→ **EXERCISE AIM**: Set down all of the data that follows, keeping every character.

[Dataset excerpts]

(* Let $n_0, L\in\mathbb{N}_+$, $n_1,\dots,n_L\in\mathbb{N}_+$, and let $h_l\in\mathrm{RL}(n_{l-1},n_l)$ for $l=1,\dots,L$, with $\mathbf{h}=(h_1,\dots,h_L)$. Let $\gamma\in\Gamma$. Then $$|\mathcal{S}_{\mathbf{h}}|\le\big\|\varphi^{(\gamma)}_{n_L}\circ\dots\circ\varphi^{(\gamma)}_{n_1}({\rm e}_{n_0})\big\|_1 .$$
   Context: $\mathbb{N}=\{0,1,2,\dots\}$, $\mathbb{N}_+=\mathbb{N}\setminus\{0\}$, $\sigma(x)=\max(0,x)$. For $n,n'\in\mathbb{N}_+$, $\mathrm{RL}(n,n')$ is the set of maps $h:\mathbb{R}^n\to\mathbb{R}^{n'}$ of the form $h(x)_i=\sigma(\langle x,w_i\rangle+b_i)$, $i=1,\dots,n'$, for some matrix $W\in\mathbb{R}^{n'\times n}$ with rows $w_i$ and $b\in\mathbb{R}^{n'}$. The signature $S_h(x)\in\{0,1\}^{n'}$ has $S_h(x)_i=1$ iff $\langle x,w_i\rangle+b_i>0$; $\mathcal{S}_h=\{S_h(x):x\in\mathbb{R}^n\}$. By convention $\mathrm{RL}(0,n')$ consists of the constant maps $\{0\}\to\mathbb{R}^{n'}$, and for such $h$ one sets $\mathcal{H}_{n'}(\mathcal{S}_h)={\rm e}_0$. For $\mathbf{h}=(h_1,\dots,h_L)$ the multi signature of $x\in\mathbb{R}^{n_0}$ is $S_{\mathbf{h}}(x)=(S_{h_1}(x),S_{h_2}(h_1(x)),\dots,S_{h_L}(h_{L-1}\circ\dots\circ h_1(x)))$ and $\mathcal{S}_{\mathbf{h}}=\{S_{\mathbf{h}}(x):x\in\mathbb{R}^{n_0}\}$. For $s\in\{0,1\}^{k}$, $|s|=\sum_i s_i$. Histograms: $V$ is the set of sequences $v=(v_j)_{j\in\mathbb{N}}$ of elements of $\mathbb{N}$ with $\sum_j v_j<\infty$; $\|v\|_1=\sum_j v_j$; ${\rm e}_i\in V$ has $({\rm e}_i)_j=\delta_{ij}$. For $v,w\in V$, $v\preceq w$ iff $\sum_{j\ge J}v_j\le\sum_{j\ge J}w_j$ for all $J\in\mathbb{N}$. For a finite family $(v^{(i)})_{i\in I}$ in $V$, $\max_{i}(v^{(i)})\in V$ is defined by $\max_i(v^{(i)})_J=\max_i\sum_{j\ge J}v^{(i)}_j-\max_i\sum_{j\ge J+1}v^{(i)}_j$. For $\mathcal{S}\subseteq\{0,1\}^{n'}$, the activation histogram is $\mathcal{H}_{n'}(\mathcal{S})=(|\{s\in\mathcal{S}:|s|=j\}|)_{j\in\mathbb{N}}$. Bound condition: $\Gamma$ is the set of families $\gamma=(\gamma_{n,n'})_{n'\in\mathbb{N}_+,\,n\in\{0,\dots,n'\}}$ of elements of $V$ such that (i) $\max\{\mathcal{H}_{n'}(\mathcal{S}_h):h\in\mathrm{RL}(n,n')\}\preceq\gamma_{n,n'}$ for all $n'\in\mathbb{N}_+$, $n\in\{0,\dots,n'\}$, and (ii) $n\le\tilde n\le n'$ implies $\gamma_{n,n'}\preceq\gamma_{\tilde n,n'}$. Clipping: for $i^*\in\mathbb{N}$, $\mathrm{cl}_{i^*}:V\to V$, $\mathrm{cl}_{i^*}(v)_i=v_i$ for $i<i^*$, $=\sum_{j\ge i^*}v_j$ for $i=i^*$, $=0$ for $i>i^*$. Transition map: for $n'\in\mathbb{N}_+$, $\gamma\in\Gamma$, $\varphi^{(\gamma)}_{n'}:V\to V$, $\varphi^{(\gamma)}_{n'}(v)=\sum_{n=0}^\infty v_n\,\mathrm{cl}_{\min(n,n')}(\gamma_{\min(n,n'),n'})$. *)

theory Defs
  imports Complex_Main
begin

definition is_hist :: "(nat \<Rightarrow> nat) \<Rightarrow> bool" where
  "is_hist v \<longleftrightarrow> finite {j. v j \<noteq> 0}"

definition norm1 :: "(nat \<Rightarrow> nat) \<Rightarrow> nat" where
  "norm1 v = (\<Sum>j\<in>{j. v j \<noteq> 0}. v j)"

definition unit_hist :: "nat \<Rightarrow> nat \<Rightarrow> nat" ("e\<^sub>h") where
  "unit_hist i = (\<lambda>j. if j = i then 1 else 0)"

definition tail :: "(nat \<Rightarrow> nat) \<Rightarrow> nat \<Rightarrow> nat" where
  "tail v J = (\<Sum>j\<in>{j. J \<le> j \<and> v j \<noteq> 0}. v j)"

definition hist_le :: "(nat \<Rightarrow> nat) \<Rightarrow> (nat \<Rightarrow> nat) \<Rightarrow> bool" where
  "hist_le v w \<longleftrightarrow> (\<forall>J. tail v J \<le> tail w J)"

text \<open>Maximum of a finite (nonempty) family of histograms, given as the set of its members.\<close>
definition hist_max :: "(nat \<Rightarrow> nat) set \<Rightarrow> nat \<Rightarrow> nat" where
  "hist_max A J = Max ((\<lambda>v. tail v J) ` A) - Max ((\<lambda>v. tail v (Suc J)) ` A)"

→ **TASK ANSWER**:
(* Let $n_0, L\in\mathbb{N}_+$, $n_1,\dots,n_L\in\mathbb{N}_+$, and let $h_l\in\mathrm{RL}(n_{l-1},n_l)$ for $l=1,\dots,L$, with $\mathbf{h}=(h_1,\dots,h_L)$. Let $\gamma\in\Gamma$. Then $$|\mathcal{S}_{\mathbf{h}}|\le\big\|\varphi^{(\gamma)}_{n_L}\circ\dots\circ\varphi^{(\gamma)}_{n_1}({\rm e}_{n_0})\big\|_1 .$$
   Context: $\mathbb{N}=\{0,1,2,\dots\}$, $\mathbb{N}_+=\mathbb{N}\setminus\{0\}$, $\sigma(x)=\max(0,x)$. For $n,n'\in\mathbb{N}_+$, $\mathrm{RL}(n,n')$ is the set of maps $h:\mathbb{R}^n\to\mathbb{R}^{n'}$ of the form $h(x)_i=\sigma(\langle x,w_i\rangle+b_i)$, $i=1,\dots,n'$, for some matrix $W\in\mathbb{R}^{n'\times n}$ with rows $w_i$ and $b\in\mathbb{R}^{n'}$. The signature $S_h(x)\in\{0,1\}^{n'}$ has $S_h(x)_i=1$ iff $\langle x,w_i\rangle+b_i>0$; $\mathcal{S}_h=\{S_h(x):x\in\mathbb{R}^n\}$. By convention $\mathrm{RL}(0,n')$ consists of the constant maps $\{0\}\to\mathbb{R}^{n'}$, and for such $h$ one sets $\mathcal{H}_{n'}(\mathcal{S}_h)={\rm e}_0$. For $\mathbf{h}=(h_1,\dots,h_L)$ the multi signature of $x\in\mathbb{R}^{n_0}$ is $S_{\mathbf{h}}(x)=(S_{h_1}(x),S_{h_2}(h_1(x)),\dots,S_{h_L}(h_{L-1}\circ\dots\circ h_1(x)))$ and $\mathcal{S}_{\mathbf{h}}=\{S_{\mathbf{h}}(x):x\in\mathbb{R}^{n_0}\}$. For $s\in\{0,1\}^{k}$, $|s|=\sum_i s_i$. Histograms: $V$ is the set of sequences $v=(v_j)_{j\in\mathbb{N}}$ of elements of $\mathbb{N}$ with $\sum_j v_j<\infty$; $\|v\|_1=\sum_j v_j$; ${\rm e}_i\in V$ has $({\rm e}_i)_j=\delta_{ij}$. For $v,w\in V$, $v\preceq w$ iff $\sum_{j\ge J}v_j\le\sum_{j\ge J}w_j$ for all $J\in\mathbb{N}$. For a finite family $(v^{(i)})_{i\in I}$ in $V$, $\max_{i}(v^{(i)})\in V$ is defined by $\max_i(v^{(i)})_J=\max_i\sum_{j\ge J}v^{(i)}_j-\max_i\sum_{j\ge J+1}v^{(i)}_j$. For $\mathcal{S}\subseteq\{0,1\}^{n'}$, the activation histogram is $\mathcal{H}_{n'}(\mathcal{S})=(|\{s\in\mathcal{S}:|s|=j\}|)_{j\in\mathbb{N}}$. Bound condition: $\Gamma$ is the set of families $\gamma=(\gamma_{n,n'})_{n'\in\mathbb{N}_+,\,n\in\{0,\dots,n'\}}$ of elements of $V$ such that (i) $\max\{\mathcal{H}_{n'}(\mathcal{S}_h):h\in\mathrm{RL}(n,n')\}\preceq\gamma_{n,n'}$ for all $n'\in\mathbb{N}_+$, $n\in\{0,\dots,n'\}$, and (ii) $n\le\tilde n\le n'$ implies $\gamma_{n,n'}\preceq\gamma_{\tilde n,n'}$. Clipping: for $i^*\in\mathbb{N}$, $\mathrm{cl}_{i^*}:V\to V$, $\mathrm{cl}_{i^*}(v)_i=v_i$ for $i<i^*$, $=\sum_{j\ge i^*}v_j$ for $i=i^*$, $=0$ for $i>i^*$. Transition map: for $n'\in\mathbb{N}_+$, $\gamma\in\Gamma$, $\varphi^{(\gamma)}_{n'}:V\to V$, $\varphi^{(\gamma)}_{n'}(v)=\sum_{n=0}^\infty v_n\,\mathrm{cl}_{\min(n,n')}(\gamma_{\min(n,n'),n'})$. *)

theory Defs
  imports Complex_Main
begin

definition is_hist :: "(nat \<Rightarrow> nat) \<Rightarrow> bool" where
  "is_hist v \<longleftrightarrow> finite {j. v j \<noteq> 0}"

definition norm1 :: "(nat \<Rightarrow> nat) \<Rightarrow> nat" where
  "norm1 v = (\<Sum>j\<in>{j. v j \<noteq> 0}. v j)"

definition unit_hist :: "nat \<Rightarrow> nat \<Rightarrow> nat" ("e\<^sub>h") where
  "unit_hist i = (\<lambda>j. if j = i then 1 else 0)"

definition tail :: "(nat \<Rightarrow> nat) \<Rightarrow> nat \<Rightarrow> nat" where
  "tail v J = (\<Sum>j\<in>{j. J \<le> j \<and> v j \<noteq> 0}. v j)"

definition hist_le :: "(nat \<Rightarrow> nat) \<Rightarrow> (nat \<Rightarrow> nat) \<Rightarrow> bool" where
  "hist_le v w \<longleftrightarrow> (\<forall>J. tail v J \<le> tail w J)"

text \<open>Maximum of a finite (nonempty) family of histograms, given as the set of its members.\<close>
definition hist_max :: "(nat \<Rightarrow> nat) set \<Rightarrow> nat \<Rightarrow> nat" where
  "hist_max A J = Max ((\<lambda>v. tail v J) ` A) - Max ((\<lambda>v. tail v (Suc J)) ` A)"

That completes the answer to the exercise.